Дрова прогорели дотла. Поворошив пепел кочергой, Симон выковырял из золы спекшийся сгусток. Тот медленно остывал, тускнея и багровея. На всякий случай маг провел над ним рукой. Ничего. Никаких следов демонической сущности. Обычный жар раскаленного стекла. Тем не менее, следует запечатать эту пакость в бутыль и закопать где-нибудь за городом. Только не сейчас. Завтра. Он слишком устал.
А ему ведь еще выручать Карши…
Упав в кресло, Симон уронил руки на подлокотники, выточенные в виде драконьих лап. Левая рука издала отчетливый каменный стук. Маг поморщился. Прощальный подарок Шебуба то почти не напоминал о себе, то вдруг наливался непомерной тяжестью. Обратись рука в чистое золото, она не весила бы столько! Частица темной сущности демона стала частью Симона. Наряду с неудобствами, «гранитная шуйца» дарила и некоторые преимущества. Но маг понимал: без крайней нужды лучше ими не пользоваться. Даже освобожденная на долю секунды, сила живого камня ударяла в голову крепчайшим вином, и стоило немалого труда сохранить контроль над телом и рассудком.
Усилием воли старик заставил себя подняться. Едва волоча ноги, он направился в башню. Ступеням, казалось, не будет конца. Факелы, чуя приближение хозяина, вспыхивали зеленоватым огнем, чтобы угаснуть за спиной. Стараясь не охать, маг тяжело опирался на перила, преодолевая один виток спирали за другим. Никогда еще подъем не давался ему такой кровью. Шагнув в кабинет, Симон перевел дух. Битва с когитатом опустошила его. Медлить же было преступно.
Талел – жрец Сета; и бой даст нешуточный.
Открыв ларец из палисандра, маг извлек золотой перстень с камнем, багрово сверкнувшим в свете лампад. Мало кто отличил бы с первого взгляда Камень Крови от обычного рубина. Симон надел перстень на безымянный палец правой руки – и усталость отступила. Кровь быстрее заструилась по жилам, разгладились морщины, сердце забилось от притока огня. Прихватив Жезл Крылатых, украшенный фигурками чибиса и нетопыря, старик выбрался на узкий балкон. Бросил взгляд на перстень: Камень Крови посветлел, сделавшись ярко-розовым.
Но до прозрачности горного хрусталя было еще далеко.
Маг вознес над головой жезл. Тягучий, гортанный вопль призыва огласил ночь.
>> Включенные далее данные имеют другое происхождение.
lemma nn_integral_besov_profile_radial_le:
  assumes yf: "young_function \<phi>" and s: "0 < s" and lam: "0 < lam"
  shows "(\<integral>\<^sup>+z. ennreal (besov_profile \<phi> \<alpha> lam s (norm z) / norm (z::'a::euclidean_space) ^ (2 * DIM('a))) \<partial>lborel)
    \<le> ennreal (DIM('a) * measure lborel (ball (0::'a) 1) * \<phi> (s powr (- \<alpha>) / lam) / s ^ DIM('a)) *
      (Lambda_lower \<phi> DIM('a) \<alpha> + Lambda_upper \<phi> DIM('a) \<alpha>)"
proof -
  define n where "n = DIM('a)"
  define w where "w = measure lborel (ball (0::'a) 1)"
  have "(\<integral>\<^sup>+z. ennreal (besov_profile \<phi> \<alpha> lam s (norm z) / norm (z::'a) ^ (2 * n)) \<partial>lborel)
      = ennreal (n * w) * (ennreal (1 / s ^ n) *
        (\<integral>\<^sup>+\<tau>\<in>{0<..}. ennreal (besov_profile \<phi> \<alpha> (lam / s powr (- \<alpha>)) 1 \<tau> / \<tau> ^ (n + 1)) \<partial>lborel))"
    unfolding n_def w_def nn_integral_besov_profile_polar[OF yf] nn_integral_besov_profile_rescale[OF yf s] ..
  also have "\<dots> \<le> ennreal (n * w) * (ennreal (1 / s ^ n) * (ennreal (\<phi> (s powr (- \<alpha>) / lam)) *
      (Lambda_lower \<phi> n \<alpha> + Lambda_upper \<phi> n \<alpha>)))"
    using nn_integral_besov_profile_le_Lambda[OF yf, of "lam / s powr (- \<alpha>)" \<alpha> n] s lam
    by (intro mult_left_mono) auto
  also have "\<dots> = ennreal (n * w * \<phi> (s powr (- \<alpha>) / lam) / s ^ n) *
      (Lambda_lower \<phi> n \<alpha> + Lambda_upper \<phi> n \<alpha>)"
    using s lam young_function_nonneg[OF yf, of "s powr (- \<alpha>) / lam"]
    by (simp add: w_def ennreal_mult'[symmetric] mult.assoc[symmetric])
  finally show ?thesis
    by (simp add: n_def w_def)
qed

section \<open>Modular estimates for the cut-off\<close>

lemma cutoff_diff_quotient_le:
  assumes yf: "young_function \<phi>" and "r < t" "0 < lam"
  shows "\<phi> (\<bar>cutoff x r t a - cutoff x r t b\<bar> / (lam * norm (a - b) powr \<alpha>))
    \<le> besov_profile \<phi> \<alpha> lam (t - r) (norm (a - b))"
proof (cases "a = b")
  case True
  then show ?thesis
    using yf besov_profile_nonneg[OF yf] by (simp add: young_function_def)
next
  case False
  define \<rho> where "\<rho> = norm (a - b)"
  define d where "d = \<bar>cutoff x r t a - cutoff x r t b\<bar>"
  have \<rho>: "0 < \<rho>"
    using False by (simp add: \<rho>_def)
  have d: "0 \<le> d" "d \<le> min 1 (\<rho> / (t - r))"
    using cutoff_diff_le[OF assms(2), of x a b] by (simp_all add: d_def \<rho>_def dist_norm)
  have "d / (lam * \<rho> powr \<alpha>) = d * \<rho> powr (- \<alpha>) / lam"
    using \<rho> assms by (simp add: powr_minus field_simps)
  also have "\<dots> \<le> max 0 (min 1 (\<rho> / (t - r)) * \<rho> powr (- \<alpha>) / lam)"
    using d assms by (intro max.coboundedI2 divide_right_mono mult_right_mono) simp_all
  finally have "\<phi> (d / (lam * \<rho> powr \<alpha>)) \<le> \<phi> (max 0 (min 1 (\<rho> / (t - r)) * \<rho> powr (- \<alpha>) / lam))"
    using d \<rho> assms by (intro young_function_mono[OF yf]) simp_all
  then show ?thesis
    by (simp add: besov_profile_def d_def \<rho>_def)
qed

lemma besov_integrand_cutoff_le:
  assumes yf: "young_function \<phi>" and rt: "r < t" and lam: "0 < lam" and "a \<in> \<Omega>"
  shows "ennreal (\<phi> (\<bar>cutoff x r t a - cutoff x r t b\<bar> / (lam * norm (a - b) powr \<alpha>)) / norm (a - b) ^ k)
      * indicator \<Omega> b
    \<le> (indicator (\<Omega> \<inter> ball x t) a + indicator (\<Omega> \<inter> ball x t) b)
      * ennreal (besov_profile \<phi> \<alpha> lam (t - r) (norm (a - b)) / norm (a - b) ^ k)"
proof (cases "b \<in> \<Omega> \<and> (a \<in> ball x t \<or> b \<in> ball x t)")
  case True
  then have "1 \<le> indicator (\<Omega> \<inter> ball x t) a + (indicator (\<Omega> \<inter> ball x t) b :: ennreal)"
    using \<open>a \<in> \<Omega>\<close> by (auto simp: indicator_def)
  moreover have "ennreal (\<phi> (\<bar>cutoff x r t a - cutoff x r t b\<bar> / (lam * norm (a - b) powr \<alpha>)) / norm (a - b) ^ k)
      \<le> ennreal (besov_profile \<phi> \<alpha> lam (t - r) (norm (a - b)) / norm (a - b) ^ k)"
    by (intro ennreal_leI divide_right_mono cutoff_diff_quotient_le[OF yf rt lam]) simp
  ultimately show ?thesis
    using True mult_mono[OF \<open>1 \<le> _\<close>] by simp
next
  case False
  then have "b \<notin> \<Omega> \<or> cutoff x r t a = 0 \<and> cutoff x r t b = 0"
    using cutoff_eq_0[OF rt] by blast
  then show ?thesis
    using yf by (auto simp: young_function_def)
qed

lemma besov_modular_cutoff_le:
  fixes \<Omega> :: "'a::euclidean_space set"
  assumes yf: "young_function \<phi>" and rt: "r < t" and lam: "0 < lam"
    and \<Omega>[measurable]: "\<Omega> \<in> sets lborel"
  shows "besov_modular \<Omega> \<alpha> \<phi> (cutoff x r t) lam \<le> 2 * emeasure lborel (\<Omega> \<inter> ball x t) *
    (\<integral>\<^sup>+z. ennreal (besov_profile \<phi> \<alpha> lam (t - r) (norm z) / norm (z::'a) ^ (2 * DIM('a))) \<partial>lborel)"
proof -
  define B where "B = \<Omega> \<inter> ball x t"
  define H where "H z = ennreal (besov_profile \<phi> \<alpha> lam (t - r) (norm z) / norm z ^ (2 * DIM('a)))"
    for z :: 'a
  have [measurable]: "besov_profile \<phi> \<alpha> lam (t - r) \<in> borel_measurable borel"
    using borel_measurable_besov_profile[OF yf] .
  have "besov_modular \<Omega> \<alpha> \<phi> (cutoff x r t) lam
      \<le> (\<integral>\<^sup>+a. (\<integral>\<^sup>+b. (indicator B a + indicator B b) * H (a - b) \<partial>lborel) \<partial>lborel)"
    unfolding besov_modular_def
  proof (intro nn_integral_mono)
    fix a :: 'a
    show "(\<integral>\<^sup>+b. ennreal (\<phi> (\<bar>cutoff x r t a - cutoff x r t b\<bar> / (lam * norm (a - b) powr \<alpha>))
        / norm (a - b) ^ (2 * DIM('a))) * indicator \<Omega> b \<partial>lborel) * indicator \<Omega> a
      \<le> (\<integral>\<^sup>+b. (indicator B a + indicator B b) * H (a - b) \<partial>lborel)"
      using besov_integrand_cutoff_le[OF yf rt lam, of a \<Omega>]
      by (cases "a \<in> \<Omega>") (auto simp: B_def H_def intro!: nn_integral_mono)
  qed
  also have "\<dots> = 2 * emeasure lborel B * (\<integral>\<^sup>+z. H z \<partial>lborel)"
    by (rule nn_integral_indicator_convolution) (use \<Omega> in \<open>simp_all add: H_def B_def\<close>)
  finally show ?thesis
    unfolding B_def H_def .
qed

lemma orlicz_modular_cutoff_le:
  assumes yf: "young_function \<phi>" and rt: "r < t" and lam: "0 < lam"
    and \<Omega>: "\<Omega> \<in> sets lborel"
  shows "orlicz_modular \<Omega> \<phi> (cutoff x r t) lam \<le> ennreal (\<phi> (1 / lam)) * emeasure lborel (\<Omega> \<inter> ball x t)"
proof -
  have "orlicz_modular \<Omega> \<phi> (cutoff x r t) lam
      \<le> (\<integral>\<^sup>+z. ennreal (\<phi> (1 / lam)) * indicator (\<Omega> \<inter> ball x t) z \<partial>lborel)"
    unfolding orlicz_modular_def
  proof (intro nn_integral_mono)
    fix z
    have "\<bar>cutoff x r t z\<bar> \<le> 1"
      using cutoff_nonneg[OF rt, of x z] cutoff_le_1[OF rt, of x z] by simp
    then have "\<phi> (\<bar>cutoff x r t z\<bar> / lam) \<le> \<phi> (1 / lam)"
      using lam by (intro young_function_mono[OF yf] divide_right_mono) simp_all
    moreover have "cutoff x r t z = 0" if "z \<notin> ball x t"
      using cutoff_eq_0[OF rt that] .
    ultimately show "ennreal (\<phi> (\<bar>cutoff x r t z\<bar> / lam)) * indicator \<Omega> z
        \<le> ennreal (\<phi> (1 / lam)) * indicator (\<Omega> \<inter> ball x t) z"
      using yf by (auto simp: indicator_def young_function_def ennreal_leI)
  qed
  also have "\<dots> = ennreal (\<phi> (1 / lam)) * emeasure lborel (\<Omega> \<inter> ball x t)"
    using \<Omega> by (simp add: nn_integral_cmult_indicator)
  finally show ?thesis .
qed

definition cutoff_scale :: "(real \<Rightarrow> real) \<Rightarrow> real \<Rightarrow> nat \<Rightarrow> real \<Rightarrow> real \<Rightarrow> real" where
  "cutoff_scale \<phi> \<alpha> n s m = s powr (- \<alpha>) / phi_inv \<phi> (s ^ n / m)"

lemma cutoff_scale_pos:
  assumes "young_function \<phi>" "0 < s" "0 < m"
  shows "0 < cutoff_scale \<phi> \<alpha> n s m"
  using phi_inv_pos[OF assms(1), of "s ^ n / m"] assms(2,3) by (simp add: cutoff_scale_def)

lemma phi_cutoff_scale_le:
  assumes yf: "young_function \<phi>" and "0 < s" "0 < m" "1 \<le> C"
  shows "m * \<phi> (s powr (- \<alpha>) / (C * cutoff_scale \<phi> \<alpha> n s m)) / s ^ n \<le> 1 / C"
proof -
  define y where "y = phi_inv \<phi> (s ^ n / m)"
  have y: "0 < y" "\<phi> y = s ^ n / m"
    using phi_inv_pos[OF yf] phi_phi_inv[OF yf] assms by (simp_all add: y_def)
  have "\<phi> (s powr (- \<alpha>) / (C * cutoff_scale \<phi> \<alpha> n s m)) = \<phi> (1 / C * y)"
    using assms y by (simp add: cutoff_scale_def flip: y_def)
  also have "\<dots> \<le> 1 / C * \<phi> y"
    using young_function_scale_le[OF yf, of "1 / C" y] y assms by simp
  finally show ?thesis
    using assms y by (simp add: field_simps)
qed

lemma phi_inverse_cutoff_scale_le:
  assumes yf: "young_function \<phi>" and "\<alpha> < 0" and fin: "Lambda_upper \<phi> n \<alpha> < \<infinity>"
    and s: "0 < s" "s \<le> D" and m: "0 < m"
    and C: "1 \<le> C" "2 ^ (n + 1) * enn2real (Lambda_upper \<phi> n \<alpha>) * D ^ n \<le> C"
  shows "m * \<phi> (1 / (D powr \<alpha> * C * cutoff_scale \<phi> \<alpha> n s m)) \<le> 1"
proof -
  define y where "y = phi_inv \<phi> (s ^ n / m)"
  define A where "A = 2 ^ (n + 1) * enn2real (Lambda_upper \<phi> n \<alpha>)"
  have y: "0 < y" "\<phi> y = s ^ n / m"
    using phi_inv_pos[OF yf] phi_phi_inv[OF yf] s m by (simp_all add: y_def)
  have "0 < C"
    using C by simp
  \<comment> \<open>the growth bound trades the factor \<open>(D / s) powr (- \<alpha>)\<close> for \<open>(D / s) ^ n\<close>\<close>
  have "1 / (D powr \<alpha> * C * cutoff_scale \<phi> \<alpha> n s m) = (D / s) powr (- \<alpha>) * (y / C)"
    using s y C by (simp add: cutoff_scale_def powr_divide powr_minus field_simps flip: y_def)
  then have "\<phi> (1 / (D powr \<alpha> * C * cutoff_scale \<phi> \<alpha> n s m)) \<le> A * (D / s) ^ n * \<phi> (y / C)"
    using Lambda_upper_growth[OF yf \<open>\<alpha> < 0\<close>, of "D / s" "y / C" n] fin s y C
    by (simp add: A_def)
  also have "\<dots> \<le> A * (D / s) ^ n * (1 / C * \<phi> y)"
    using young_function_scale_le[OF yf, of "1 / C" y] y s C by (intro mult_left_mono) (simp_all add: A_def)
  also have "\<dots> = A * D ^ n / C / m"
    using s m y by (simp add: power_divide)
  finally have "m * \<phi> (1 / (D powr \<alpha> * C * cutoff_scale \<phi> \<alpha> n s m)) \<le> A * D ^ n / C"
    using m \<open>0 < C\<close> by (simp add: field_simps)
  also have "\<dots> \<le> 1"
    using C by (simp add: A_def)
  finally show ?thesis .
qed

lemma orlicz_modular_cutoff_le_1:
  fixes \<Omega> :: "'a::euclidean_space set"
  assumes yf: "young_function \<phi>" and "\<alpha> < 0" and fin: "Lambda_upper \<phi> DIM('a) \<alpha> < \<infinity>"
    and \<Omega>: "\<Omega> \<in> sets lborel" and D: "0 < D"
  obtains C where "0 < C"
    "\<And>x r t. r < t \<Longrightarrow> t - r \<le> D \<Longrightarrow> 0 < measure lebesgue (\<Omega> \<inter> ball x t) \<Longrightarrow>
      orlicz_modular \<Omega> \<phi> (cutoff x r t)
        (C * cutoff_scale \<phi> \<alpha> DIM('a) (t - r) (measure lebesgue (\<Omega> \<inter> ball x t))) \<le> 1"
proof
  define C where "C = max 1 (2 ^ (DIM('a) + 1) * enn2real (Lambda_upper \<phi> DIM('a) \<alpha>) * D ^ DIM('a))"
  show "0 < D powr \<alpha> * C"
    using D by (simp add: C_def)
  fix x r t
  assume rt: "r < t" "t - r \<le> D" and m: "0 < measure lebesgue (\<Omega> \<inter> ball x t)"
  define lam where "lam = D powr \<alpha> * C * cutoff_scale \<phi> \<alpha> DIM('a) (t - r) (measure lebesgue (\<Omega> \<inter> ball x t))"
  have "0 < lam"
    using cutoff_scale_pos[OF yf _ m] rt D by (simp add: lam_def C_def)
  have "orlicz_modular \<Omega> \<phi> (cutoff x r t) lam \<le> ennreal (\<phi> (1 / lam) * measure lebesgue (\<Omega> \<inter> ball x t))"
    using orlicz_modular_cutoff_le[OF yf rt(1) \<open>0 < lam\<close> \<Omega>, of x] emeasure_inter_ball[OF \<Omega>]
      young_function_nonneg[OF yf, of "1 / lam"] \<open>0 < lam\<close>
    by (simp add: ennreal_mult)
  also have "\<dots> \<le> 1"
    using phi_inverse_cutoff_scale_le[OF yf \<open>\<alpha> < 0\<close> fin _ rt(2) m, of C] rt
    by (simp add: lam_def C_def mult_ac ennreal_le_1)
  finally show "orlicz_modular \<Omega> \<phi> (cutoff x r t) (D powr \<alpha> * C * cutoff_scale \<phi> \<alpha> DIM('a) (t - r) (measure lebesgue (\<Omega> \<inter> ball x t))) \<le> 1"
    by (simp add: lam_def)
qed

lemma besov_modular_cutoff_le_Lambda:
  fixes \<Omega> :: "'a::euclidean_space set"
  assumes yf: "young_function \<phi>"
    and fin: "Lambda_lower \<phi> DIM('a) \<alpha> < \<infinity>" "Lambda_upper \<phi> DIM('a) \<alpha> < \<infinity>"
    and \<Omega>: "\<Omega> \<in> sets lborel" and rt: "r < t" and lam: "0 < lam"
  shows "besov_modular \<Omega> \<alpha> \<phi> (cutoff x r t) lam \<le> ennreal
    (2 * DIM('a) * measure lborel (ball (0::'a) 1) *
       (enn2real (Lambda_lower \<phi> DIM('a) \<alpha>) + enn2real (Lambda_upper \<phi> DIM('a) \<alpha>)) *
     (measure lebesgue (\<Omega> \<inter> ball x t) * \<phi> ((t - r) powr (- \<alpha>) / lam) / (t - r) ^ DIM('a)))"
proof -
  define n where "n = DIM('a)"
  define w where "w = measure lborel (ball (0::'a) 1)"
  define L where "L = enn2real (Lambda_lower \<phi> n \<alpha>) + enn2real (Lambda_upper \<phi> n \<alpha>)"
  define s where "s = t - r"
  define m where "m = measure lebesgue (\<Omega> \<inter> ball x t)"
  define p where "p = \<phi> (s powr (- \<alpha>) / lam)"
  have s: "0 < s"
    using rt by (simp add: s_def)
  have "0 \<le> m" "0 \<le> w" "0 \<le> p" "0 \<le> L"
    using young_function_nonneg[OF yf] lam s by (simp_all add: m_def w_def p_def L_def)
  have L: "Lambda_lower \<phi> n \<alpha> + Lambda_upper \<phi> n \<alpha> = ennreal L"
    using fin by (simp add: n_def L_def ennreal_enn2real_if less_top[symmetric])
  have "besov_modular \<Omega> \<alpha> \<phi> (cutoff x r t) lam \<le> 2 * ennreal m *
      (\<integral>\<^sup>+z. ennreal (besov_profile \<phi> \<alpha> lam s (norm z) / norm (z::'a) ^ (2 * n)) \<partial>lborel)"
    using besov_modular_cutoff_le[OF yf rt lam \<Omega>, of \<alpha> x] emeasure_inter_ball[OF \<Omega>]
    by (simp add: s_def m_def n_def)
  also have "\<dots> \<le> 2 * ennreal m * (ennreal (n * w * p / s ^ n) * ennreal L)"
    using nn_integral_besov_profile_radial_le[OF yf s lam, of \<alpha>, where 'a='a] L
    by (intro mult_left_mono) (simp_all add: n_def w_def p_def)
  also have "\<dots> = ennreal (2 * n * w * L * (m * p / s ^ n))"
  proof -
    have "(2::ennreal) * ennreal m = ennreal (2 * m)"
      using \<open>0 \<le> m\<close> by (simp add: ennreal_mult)
    then show ?thesis
      using s \<open>0 \<le> m\<close> \<open>0 \<le> w\<close> \<open>0 \<le> p\<close> \<open>0 \<le> L\<close>
      by (simp add: ennreal_mult'[symmetric] mult_ac)
  qed
  finally show ?thesis
    by (simp add: n_def w_def L_def s_def m_def p_def)
qed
Ни человек, ни зверь не смогли бы издать подобный звук. Прошла минута, долгая и мучительная, прежде чем черный бархат ночи всколыхнулся, родив шум мощных крыльев. Гигантская тень закрыла рисунок созвездий, и из тьмы возникло создание, какое большинство людей не увидят даже в кошмарном сне. Перепончатые крылья, пронизанные сеткой вздувшихся жил, с гулом загребали воздух, удерживая высоко над землей гибкое тело добрых двадцати локтей длиной. Тварь покрывали глянцевые, плотно прилегающие друг к другу перья, больше похожие на чешую. Мощную шею венчал треугольник головы. Она походила бы на змеиную, если бы не зубастый роговой клюв, из которого, пенясь, капала слюна.
От реликта давно минувших эпох веяло первобытным ужасом.
С легкостью, неожиданной для старика, Симон перемахнул через перильца балкона, оседлав чешуйчатый загривок. Взмах руки указал направление, и крылатый «конь» ринулся в ночь, со свистом рассекая воздух. Кварталы Равии, мигая редкими масляными огнями, быстро остались позади. Птицеящер несся со скоростью ветра, пожирая пространство. Когда впереди на фоне неба обозначился силуэт чужой, одиноко стоящей башни, и на ее вершине вспыхнул сторожевой огонь, Симон понял: его заметили.
В освещенном окне мелькнула тень, изнутри блеснуло алым. Жрец Талел готовился дать отпор незваному гостю, кем бы тот ни был. Не рискнув воспользоваться балконом, Симон направил тварь вниз, соскочил на землю, отпустив чудовище, и встал перед массивной дверью. Левая рука налилась силой оживающего камня. Пальцы сжались в кулак. Страшный удар сорвал дверь с петель, разнеся ее в щепы. Глаза мага сделались пронзительно-голубыми, сквозь одежду пробился ледяной свет – и Остихарос Пламенный вступил под своды башни.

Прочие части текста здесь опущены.